Он посмотрел на Дагни, словно догадавшись, о чем она говорит.

— Нет, мэм, — и в первый раз в его голосе прозвучала гордость. — На своем первом рабочем месте я проработал двадцать лет. Не в той же должности, я хочу сказать, а на одном и том же заводе. Я был мастером цеха. Двадцать лет назад. Потом владелец завода умер, а его наследники свели дело к нулю. И в прежние времена было не без проблем, но с тех пор все стало разваливаться быстрее и быстрее. С тех пор, куда бы я не сунулся, все приходило в упадок… Сначала мы думали, что это творится только в нашем штате. Большинство из нас считали, что Колорадо продержится. Но и этот штат тоже пришел в упадок. Чего ни коснись, все рассыпаться, как песок. Куда ни посмотри, работа прекращалась, заводы вставали, станки выключали. — Он медленно добавил шепотом, как будто его преследовало пугающее зрелище: — Станки… выключали! — Потом погромче: — О, Боже, кто такой… — и умолк.

— …Джон Голт? — закончила она за него.

— Да, — мужчина тряхнул головой, словно пытаясь избавиться от навязчивой картины. — Только я не люблю это повторять.

— Я тоже. Хотелось бы мне узнать, почему люди так говорят, и кто первый начал.

— Вот этого я и боюсь, мэм. Наверное, это я начал.

— Что?!

— Я или еще шесть тысяч наших. Мы начали. Наверное, это мы. Надеюсь, мы ошибаемся.

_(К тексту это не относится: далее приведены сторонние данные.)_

lemma le_quadratic_root:
  fixes a d l K :: real
  assumes "a > 0" and "a * (l - d)\<^sup>2 + l - d / 2 \<le> K"
  shows "l \<le> (2 * d * a - 1 + sqrt (4 * a * K - 2 * d * a + 1)) / (2 * a)"
proof -
  have "(2 * a * (l - d) + 1)\<^sup>2 = 4 * a * (a * (l - d)\<^sup>2 + l - d / 2) - 2 * d * a + 1"
    by (simp add: power2_eq_square algebra_simps)
  also have "\<dots> \<le> 4 * a * K - 2 * d * a + 1"
    using assms by simp
  finally have "2 * a * (l - d) + 1 \<le> sqrt (4 * a * K - 2 * d * a + 1)"
    using real_le_rsqrt by blast
  then show ?thesis
    using assms(1) by (simp add: field_simps)
qed

lemma deg_mult_mi:
  assumes "finite E" and "m \<ge> 2"
  shows "(real m - 1) * real (deg E i) * mi m V E i = (\<Sum>j\<in>{j\<in>V. adj E i j}. real (deg E j))"
proof (cases "deg E i = 0")
  case True
  then have no_neighbours: "{j\<in>V. adj E i j} = {}"
    using deg_pos[OF assms(1)] unfolding adj_def by fastforce
  show ?thesis unfolding no_neighbours using True by simp
next
  case False
  then show ?thesis
    using assms(2) by (simp add: mi_def)
qed

theorem theorem12:
  fixes V :: "'a set" and E :: "'a set set" and m :: nat
  assumes "hypergraph V E" and "uniform m E" and "hconnected V E"
    and "V \<noteq> {}" and "m > 2"
  shows "largest_eigenvalue V (laplacian m E) \<le>
    Max ((\<lambda>i. (2 * real (deg E i) * (real m - 1) - 1
        + sqrt (4 * (real m - 1)^2 * real (deg E i) * mi m V E i * (real (Dmax V E))^2
                - 2 * real (deg E i) * (real m - 1) + 1))
        / (2 * (real m - 1))) ` V)"
proof -
  define l where "l = largest_eigenvalue V (laplacian m E)"
  define a where "a = real m - 1"
  have fin: "finite V" using assms(1) unfolding hypergraph_def by simp
  have "l \<in> eigenvalues_on V (laplacian m E)"
    unfolding l_def largest_eigenvalue_def
    using finite_eigenvalues_on[OF fin] zero_mem_eigenvalues_laplacian[OF assms(1,2) _ assms(4)]
      assms(5) by (intro Max_in) auto
  then obtain i where "i \<in> V"
    and bound: "a * (l - real (deg E i))\<^sup>2 + l - real (deg E i) / 2
         \<le> (real (Dmax V E))\<^sup>2 * (\<Sum>j\<in>{j\<in>V. adj E i j}. real (deg E j))"
    using exists_vertex_laplacian_eigenvalue_ineq[OF assms(1,2)] assms(5)
    unfolding a_def by fastforce
  note bound
  also have "\<dots> = a * real (deg E i) * mi m V E i * (real (Dmax V E))\<^sup>2"
    using deg_mult_mi[OF hypergraph_finite_edges[OF assms(1)]] assms(5) by (simp add: a_def)
  finally have "l \<le> (2 * real (deg E i) * a - 1 + sqrt (4 * a * (a * real (deg E i) * mi m V E i
      * (real (Dmax V E))\<^sup>2) - 2 * real (deg E i) * a + 1)) / (2 * a)"
    using assms(5) by (intro le_quadratic_root) (simp_all add: a_def)
  also have "\<dots> \<le> Max ((\<lambda>i. (2 * real (deg E i) * (real m - 1) - 1
        + sqrt (4 * (real m - 1)^2 * real (deg E i) * mi m V E i * (real (Dmax V E))^2
                - 2 * real (deg E i) * (real m - 1) + 1))
        / (2 * (real m - 1))) ` V)"
    using fin \<open>i \<in> V\<close> by (intro Max_ge) (auto simp: a_def power2_eq_square mult_ac)
  finally show ?thesis unfolding l_def .
qed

— Что вы хотите этим сказать?

— Знаете, на том заводе, где я проработал двадцать лет, случилась одна история. Как раз тогда, когда старик умер, и его наследники приняли дела. Их было трое, двое сыновей и дочь, и они составили новый план работы завода. Они предложили нам проголосовать за него, и все мы — почти все — проголосовали «за». Мы не знали. Мы думали, так будет лучше. План состоял в том, чтобы каждый на заводе работал сообразно своим способностям, а оплату получал согласно своим нуждам. Мы… В чем дело, мэм? Почему вы так на меня смотрите?

— Как назывался ваш завод? — еле слышно спросила Дагни.

— Моторостроительная компания «Двадцатый век», мэм. В Старнсвилле, штат Висконсин.

— Продолжайте…

— Мы проголосовали за этот план на большом собрании, пришли все работники завода, шесть тысяч человек. Наследники Старнса произносили длинные речи, дело яснее не стало, но никто не задавал вопросов. Никто из нас не знал, как будет работать план, но каждый думал, что другие это понимают. А если кто-то сомневался в успехе, то чувствовал себя виноватым и не раскрывал рта, поскольку выходило так, что каждый возражающий, в душе детоубийца и не человек вовсе. Нам сказали, что этот план приведет нас к благородному идеалу. Откуда нам было знать? Мы всю жизнь слышали это, сначала от родителей и учителей, потом от министров, да и в каждой газете, что мы прочли, в каждом фильме и в каждой публичной речи. Разве нам не твердили постоянно, что это справедливо и правильно? Может быть, это немного извиняет нас за то, что мы сделали на собрании. Мы проголосовали за план, и за что боролись, на то и напоролись. Знаете, мэм, мы люди меченые в некотором смысле — те из нас, кто прожил четыре года на заводе «Двадцатый век» по плану. Что из этого могло получиться? Зло. Обычное, голое, нагло ухмыляющееся зло, и больше ничего. А мы помогали ему, и я считаю, что все мы прокляты, каждый из нас, и, может быть, нам не будет прощения…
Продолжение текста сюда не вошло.